(Provided records Opens)
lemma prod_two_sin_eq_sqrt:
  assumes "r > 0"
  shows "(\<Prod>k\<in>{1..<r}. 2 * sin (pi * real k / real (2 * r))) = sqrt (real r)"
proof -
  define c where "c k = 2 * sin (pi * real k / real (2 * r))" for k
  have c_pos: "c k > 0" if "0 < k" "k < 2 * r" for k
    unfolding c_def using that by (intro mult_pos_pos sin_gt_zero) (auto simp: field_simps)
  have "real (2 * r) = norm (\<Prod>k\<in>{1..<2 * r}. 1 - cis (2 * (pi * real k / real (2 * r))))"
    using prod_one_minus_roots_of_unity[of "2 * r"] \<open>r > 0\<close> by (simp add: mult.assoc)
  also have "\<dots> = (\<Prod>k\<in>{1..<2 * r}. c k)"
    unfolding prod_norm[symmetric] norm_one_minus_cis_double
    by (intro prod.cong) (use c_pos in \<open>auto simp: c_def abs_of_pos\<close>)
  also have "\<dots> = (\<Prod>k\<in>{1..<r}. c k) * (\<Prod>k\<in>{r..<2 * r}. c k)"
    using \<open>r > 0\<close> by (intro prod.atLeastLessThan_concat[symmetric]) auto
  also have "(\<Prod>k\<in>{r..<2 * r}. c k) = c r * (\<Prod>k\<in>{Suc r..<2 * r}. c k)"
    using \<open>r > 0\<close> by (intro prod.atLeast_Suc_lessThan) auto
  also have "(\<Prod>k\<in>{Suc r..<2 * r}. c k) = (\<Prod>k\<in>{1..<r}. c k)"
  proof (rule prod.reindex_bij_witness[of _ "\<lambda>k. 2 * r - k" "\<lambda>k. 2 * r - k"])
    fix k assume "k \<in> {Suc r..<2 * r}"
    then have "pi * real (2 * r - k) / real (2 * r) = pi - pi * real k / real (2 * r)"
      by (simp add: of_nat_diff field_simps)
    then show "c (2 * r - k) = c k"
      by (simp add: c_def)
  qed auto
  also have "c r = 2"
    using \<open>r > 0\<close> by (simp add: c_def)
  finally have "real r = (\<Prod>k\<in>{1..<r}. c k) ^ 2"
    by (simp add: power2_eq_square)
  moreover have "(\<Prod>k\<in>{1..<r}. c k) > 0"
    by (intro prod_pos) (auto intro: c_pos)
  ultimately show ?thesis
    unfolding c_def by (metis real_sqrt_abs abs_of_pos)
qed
(Provided records Closes)
### What the task requires
All that is wanted is the line with "by (simp add: of_nat_diff field_simps)" and every later line in the entries, reproduced exactly.

### Your solution
      by (simp add: of_nat_diff field_simps)
    then show "c (2 * r - k) = c k"
      by (simp add: c_def)
  qed auto
  also have "c r = 2"
    using \<open>r > 0\<close> by (simp add: c_def)
  finally have "real r = (\<Prod>k\<in>{1..<r}. c k) ^ 2"
    by (simp add: power2_eq_square)
  moreover have "(\<Prod>k\<in>{1..<r}. c k) > 0"
    by (intro prod_pos) (auto intro: c_pos)
  ultimately show ?thesis
    unfolding c_def by (metis real_sqrt_abs abs_of_pos)
qed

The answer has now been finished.